I have viewed these days as opportunities to be productive and also an extended opportunity to enhance and grow my learning.

Last Thursday evening, I tuned into Ger O’Connor’s webinar and picked up some invaluable coaching nuggets on transition play in Gaelic football as well as key messages from him on principles of attack, principles of defending, components needed for effective transition, the importance of turnovers and the effective use of analysis. It was top quality stuff and really enjoyable.

A few weeks ago, I was contacted by Shane Stapleton of ourgame.ie and he asked would I do four short tactical shows with him via Skype.

The second of those came out yesterday morning and was titled the “Art of Defending.”

I used the tactics board to show the different defensive formations a team might employ but, most importantly, I spoke about the key messages needed to coach good, effective defensive play.

For me, defending in Gaelic is like building a house. You start at the foundation and build out. It’s the same in football, you start at the back and build out.

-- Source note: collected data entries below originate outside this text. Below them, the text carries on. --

(* Let $\mathbf P$ be a multi-cut polygon as in the context, with $Q(z)=\prod_{i=1}^{d+N}(z-x_i)$, and let $\mathcal S$ be the set of integer points $(n,y)\in\widetilde{\mathbf P}\setminus\mathbf P$ such that $(n,y-\frac12)$ lies on an upper oblique boundary segment of $\mathbf P$ or $(n,y+\frac12)$ lies on an upper vertical boundary segment of $\mathbf P$. Then for $(n,y)\in\mathcal S$, summing over the roots $z=y-N+n,\dots,y$ of $(z-y)_{N-n+1}$, $$\sum_{z=y-N+n}^{y}\frac{(N-n)!\,Q(z)}{(z-y)_{N-n+1}\,Q'(z)\,S^{(N)}_z(w)}=\frac1{S^{(n)}_y(w)},$$ where each summand means the value at $z$ of the rational function $\frac{(N-n)!\,Q(z)}{(z-y)_{N-n+1}Q'(z)}$ after cancellation of common factors, times $1/S^{(N)}_z(w)$.
   Context: Coordinates $(m,x)\in\mathbb R^2$ ($m$ = height), lattice lines $m\in\mathbb Z$, $x\in\mathbb Z+\frac12$ (vertical), $x+m\in\mathbb Z+\frac12$ (oblique). Multi-cut polygon: fix integers $N\ge1$, $d\ge0$; $\widetilde{\mathbf P}=\{(m,x):0\le m\le N,\ -d-\frac12-m\le x\le x_1+\frac12\}$. $\mathbf P$ is obtained from $\widetilde{\mathbf P}$ by removing: a triangle at the upper-left corner with $b_0$ rows (bounded by the left side of $\widetilde{\mathbf P}$, $m=N$ and a vertical line); a triangle at the upper-right corner with $b_u$ rows (bounded by the right side, $m=N$ and an oblique line); $\ell$ disjoint triangular lower cuts with bases on $m=0$ (vertical left side, oblique right side), of total size $d$; $u-1$ disjoint triangular upper cuts of sizes $b_1,\dots,b_{u-1}$ with bases on $m=N$ (oblique left side, vertical right side); $\sum_0^ub_i=d+N$; all vertices on lines $x\in\mathbb Z+\frac12$. Upper oblique boundary segments: the right oblique side of $\mathbf P$ and the oblique sides of upper cuts; upper vertical boundary segments: the left vertical side of $\mathbf P$ and the vertical sides of upper cuts. $x_1>\dots>x_{d+N}$ are the integer points of $(\widetilde{\mathbf P}\setminus\mathbf P)\cap\{m=N\}$. Notation: $(a)_k=a(a+1)\cdots(a+k-1)$, $(a)_0=1$; $S^{(k)}_x(w)=w^{x+1}(1-w)^k$. *)

theory Defs
  imports Complex_Main "HOL-Computational_Algebra.Computational_Algebra" "HOL-Computational_Algebra.Field_as_Ring"
begin

text \<open>Coordinates (m,x) in real x real, m = height.\<close>

definition Ptilde :: "nat \<Rightarrow> nat \<Rightarrow> int \<Rightarrow> (real \<times> real) set" where
  "Ptilde N d x1 = {(m, x). 0 \<le> m \<and> m \<le> real N \<and>
      - real d - 1/2 - m \<le> x \<and> x \<le> real_of_int x1 + 1/2}"

text \<open>Upper triangle (base on m = N, oblique left side, vertical right side) with bb rows,
  whose top row contains the integer points rr-bb+1, ..., rr.\<close>
definition up_tri :: "nat \<Rightarrow> nat \<Rightarrow> int \<Rightarrow> (real \<times> real) set" where
  "up_tri N bb rr = {(m, x). real N - real bb \<le> m \<and> m \<le> real N \<and>
      real_of_int rr - real bb + 1/2 + (real N - m) \<le> x \<and> x \<le> real_of_int rr + 1/2}"

definition obl_side :: "nat \<Rightarrow> nat \<Rightarrow> int \<Rightarrow> (real \<times> real) set" where
  "obl_side N bb rr = {(m, x). real N - real bb \<le> m \<and> m \<le> real N \<and>
      x = real_of_int rr - real bb + 1/2 + (real N - m)}"

definition vert_side :: "nat \<Rightarrow> nat \<Rightarrow> int \<Rightarrow> (real \<times> real) set" where
  "vert_side N bb rr = {(m, x). real N - real bb \<le> m \<and> m \<le> real N \<and>
      x = real_of_int rr + 1/2}"

text \<open>Lower triangle (base on m = 0, vertical left side, oblique right side) of size aa,
  whose bottom row contains the integer points ll, ..., ll+aa-1.\<close>
definition low_tri :: "nat \<Rightarrow> int \<Rightarrow> (real \<times> real) set" where
  "low_tri aa ll = {(m, x). 0 \<le> m \<and> m \<le> real aa \<and>
      real_of_int ll - 1/2 \<le> x \<and> x \<le> real_of_int ll + real aa - 1/2 - m}"

text \<open>The polygon P: upper triangles indexed 0..u (0 = upper-left corner, u = upper-right
  corner, 1..u-1 = upper cuts), lower cuts indexed 0..L-1.\<close>
definition Pset :: "nat \<Rightarrow> nat \<Rightarrow> int \<Rightarrow> nat \<Rightarrow> (nat \<Rightarrow> nat) \<Rightarrow> (nat \<Rightarrow> int)
    \<Rightarrow> nat \<Rightarrow> (nat \<Rightarrow> nat) \<Rightarrow> (nat \<Rightarrow> int) \<Rightarrow> (real \<times> real) set" where
  "Pset N d x1 u b r L a l = Ptilde N d x1
      - (\<Union>i\<in>{..u}. up_tri N (b i) (r i)) - (\<Union>j\<in>{..<L}. low_tri (a j) (l j))"

definition multicut_polygon :: "nat \<Rightarrow> nat \<Rightarrow> int \<Rightarrow> nat \<Rightarrow> (nat \<Rightarrow> nat) \<Rightarrow> (nat \<Rightarrow> int)
    \<Rightarrow> nat \<Rightarrow> (nat \<Rightarrow> nat) \<Rightarrow> (nat \<Rightarrow> int) \<Rightarrow> bool" where
  "multicut_polygon N d x1 u b r L a l \<longleftrightarrow>
     N \<ge> 1 \<and> u \<ge> 1 \<and>
     \<comment> \<open>upper-left corner triangle is bounded by the (oblique) left side of Ptilde\<close>
     r 0 - int (b 0) + 1 = - int d - int N \<and>
     \<comment> \<open>upper-right corner triangle is bounded by the (vertical) right side of Ptilde\<close>
     r u = x1 \<and>
     \<comment> \<open>x1 is a removed integer point on the top row (it is then the largest one)\<close>
     (real N, real_of_int x1) \<in> Ptilde N d x1 - Pset N d x1 u b r L a l \<and>
     (\<forall>i\<in>{1..<u}. b i \<ge> 1) \<and>
     (\<forall>i\<le>u. up_tri N (b i) (r i) \<subseteq> Ptilde N d x1) \<and>
     \<comment> \<open>upper triangles listed from left to right, with disjoint interiors\<close>
     (\<forall>i\<in>{1..u}. r (i - 1) \<le> r i - int (b i)) \<and>
     (\<Sum>i\<le>u. b i) = d + N \<and>
     (\<forall>j<L. a j \<ge> 1 \<and> low_tri (a j) (l j) \<subseteq> Ptilde N d x1) \<and>
     \<comment> \<open>lower cuts listed from left to right, with disjoint interiors\<close>
     (\<forall>j. Suc j < L \<longrightarrow> l j + int (a j) \<le> l (Suc j)) \<and>
     (\<Sum>j<L. a j) = d \<and>
     \<comment> \<open>upper and lower cuts are disjoint\<close>
     (\<forall>i\<le>u. \<forall>j<L. up_tri N (b i) (r i) \<inter> low_tri (a j) (l j) = {})"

One of the first points you must consider is where is the first line of engagement going to be. Whether it’s a high press, a middle third press or you decide to drop deeper in a zonal type defence, you still must decide where your players will be engaging first.

If you decide to plump for the high press, everyone must be responsible. The high level of work-rate and discipline must start at 13, 14 and 15 in your team.

If you decide to plump for the middle third press, flooding bodies into the opposition’s set-up zone, you must have high levels of contact and intensity in this area and tracking runners are key.

You will have heard the terminology of match-ups, tagging or spoilers – personnel used to disrupt or negate the opposition’s most influential players. They could be the biggest scoring threats or the players most likely to make things happen.

The good teams and top teams in the country will get their match-ups spot on, they also have the personnel and resources to do this.

Mayo were the closest team to beating Dublin over the past five years and one of the main reasons people felt this was the case was their ability to find quality defenders to negate the influence of Dublin in the final third and in key areas.

Personally I feel we aren’t developing the art of defending during our training sessions enough. A lot of teams now will train with extra defenders to simulate what their forwards might be faced with in a game with most teams operating with plus one or plus twos.

You must, however, ask yourself the question, how many times are we exposing our defenders in training to cope with a one v one situation? We should be doing this a lot more often in my opinion and that doesn’t mean facilitating a tackling exercise in a small grid, one v one. That’s unrealistic, go with more exposure, more space and end it with a scoring opportunity.

Defenders are terrified of two things, space and pace. Expose them to more of this in training and watch the confidence, composure and control of your defenders improve.

This is a wonderful time for us all to skill up as coaches. Keep searching for those little nuggets of coaching advice or information that might give you an added edge when we all return to what we love doing, coaching on the training field, and making a difference.